I wish I could say this story had a happy ending.  But the fact is, I don’t know the outcome.  Suddenly, a man named Isaiah Robinson entered Robert’s life.  He was some sort of black activist, connected with the school system.  He had gotten wind of Robert's talent, and seeing it as proof of Black Superiority, even though, Robert had a family, Isaiah decided to adopt him!  Apparently, Isaiah had one son already.  Mr. Robinson was on the cutting edge of a movement to eliminate the odious writings of Mark Twain from the nation’s public libraries, and banish the evil entity, Huckleberry Finn, forever, because his story used the "N" word, and Huck’s friend Jim was a slave.  Isaiah Robinson was a man with a mission.

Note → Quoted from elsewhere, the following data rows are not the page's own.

(* Let $\Sigma=\{a,b\}$ and let $A,B$ be positive integers. For $i$ in a finite index set $I$, let $Z_i=W_i+M_i\mathbb{N}^\Sigma$ be an $A,B$-frame. Let $v\in\mathbb{N}^\Sigma$. Then there exists $v'\in\mathbb{N}^\Sigma$ such that $\|v'\|=O\big((A+B)^{O(|I|)}\big)$ (with absolute implicit constants) and, for each $i\in I$, $v\in Z_i$ if and only if $v'\in Z_i$.
   Context: $[0..K]=\{0,1,\ldots,K\}$; $[0..B]^\Sigma_\Sigma$ is the set of $\Sigma\times\Sigma$ matrices with entries in $[0..B]$; for a matrix $M$ with columns $M^x$ and $\lambda\in\mathbb{N}^\Sigma$, $M\lambda=\sum_x\lambda_xM^x$, $M\mathbb{N}^\Sigma=\{M\lambda:\lambda\in\mathbb{N}^\Sigma\}$, and $W+X=\{w+x:w\in W,x\in X\}$. An $A,B$-frame is a set of the form $W+M\mathbb{N}^\Sigma$ with $W\subseteq[0..A]^\Sigma$ and $M\in[0..B]^\Sigma_\Sigma$. For $v\in\mathbb{Q}^\Sigma$, $\|v\|=\max_x|v(x)|$. *)

theory Defs
  imports Main
begin

datatype sigma = a | b

lemma UNIV_sigma: "(UNIV :: sigma set) = {a, b}"
  using sigma.exhaust by blast

instance sigma :: finite
  by standard (simp add: UNIV_sigma)

text \<open>Vectors in \<nat>^\<Sigma> and \<Sigma>\<times>\<Sigma> matrices (M y x = entry in row y, column x).\<close>
type_synonym vec = "sigma \<Rightarrow> nat"
type_synonym mat = "sigma \<Rightarrow> sigma \<Rightarrow> nat"

definition mat_vec :: "mat \<Rightarrow> vec \<Rightarrow> vec" where
  "mat_vec M l = (\<lambda>y. \<Sum>x\<in>UNIV. l x * M y x)"

definition frame_set :: "vec set \<Rightarrow> mat \<Rightarrow> vec set" where
  "frame_set W M = {(\<lambda>y. w y + mat_vec M l y) | w l. w \<in> W}"

definition is_frame :: "nat \<Rightarrow> nat \<Rightarrow> vec set \<Rightarrow> bool" where
  "is_frame A B Z \<longleftrightarrow> (\<exists>W M. (\<forall>w\<in>W. \<forall>x. w x \<le> A) \<and> (\<forall>x y. M x y \<le> B)
      \<and> Z = frame_set W M)"

definition vnorm :: "vec \<Rightarrow> nat" where
  "vnorm v = max (v a) (v b)"

end

theory Submission
  imports Defs
begin

text \<open>Call x and y (B,T,P)-indistinguishable if every linear form with coefficients in [-B, B]
  takes values on x and y that are congruent modulo P and equal after clipping to [-T-1, T+1].
  For T \<ge> 4B^2 + 2AB, membership in an A,B-frame W + M N^2 is invariant under this
  relation as soon as P is divisible by a modulus of size at most 2B^2 determined by M (its
  determinant, or in the degenerate case the coordinate sum of a column). So P can be taken as
  the product of these moduli, P \<le> (2B^2)^|I|, and it remains to find a vector of norm
  O(B(T + B^2P)) indistinguishable from v. While v is large, no two independent bounded forms
  are small on v, so there is a short vector u annihilated by every bounded form that is small
  on v; subtracting Pu changes no bounded form modulo P, and only changes forms that are beyond
  the clipping threshold, by at most 2B^2P.\<close>

definition clip_eq :: "int \<Rightarrow> int \<Rightarrow> int \<Rightarrow> bool" where
  "clip_eq T x y \<longleftrightarrow> x = y \<or> (T < x \<and> T < y) \<or> (x < -T \<and> y < -T)"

He insisted on visiting our loft to check us out.  Robert and I were working on a project at the time.  We were translating one of his comic book stories into a play for the toy theater.  Robert had been working on this for several weeks.  The hero, by the way, with subtle encouragement from me, had become black.

Isaiah entered our loft dramatically, with an air of self-importance and pomposity that would befit a lord high executioner.  After a few minutes of snooping around, he decreed that he found us and our lifestyle unsuitable, and deemed us a bad influence on his superior son to be.  Henceforth, Robert would never be allowed to visit us again, or have another art lesson with me.   We were delegated to the white trash bin, along with Huckleberry Finn.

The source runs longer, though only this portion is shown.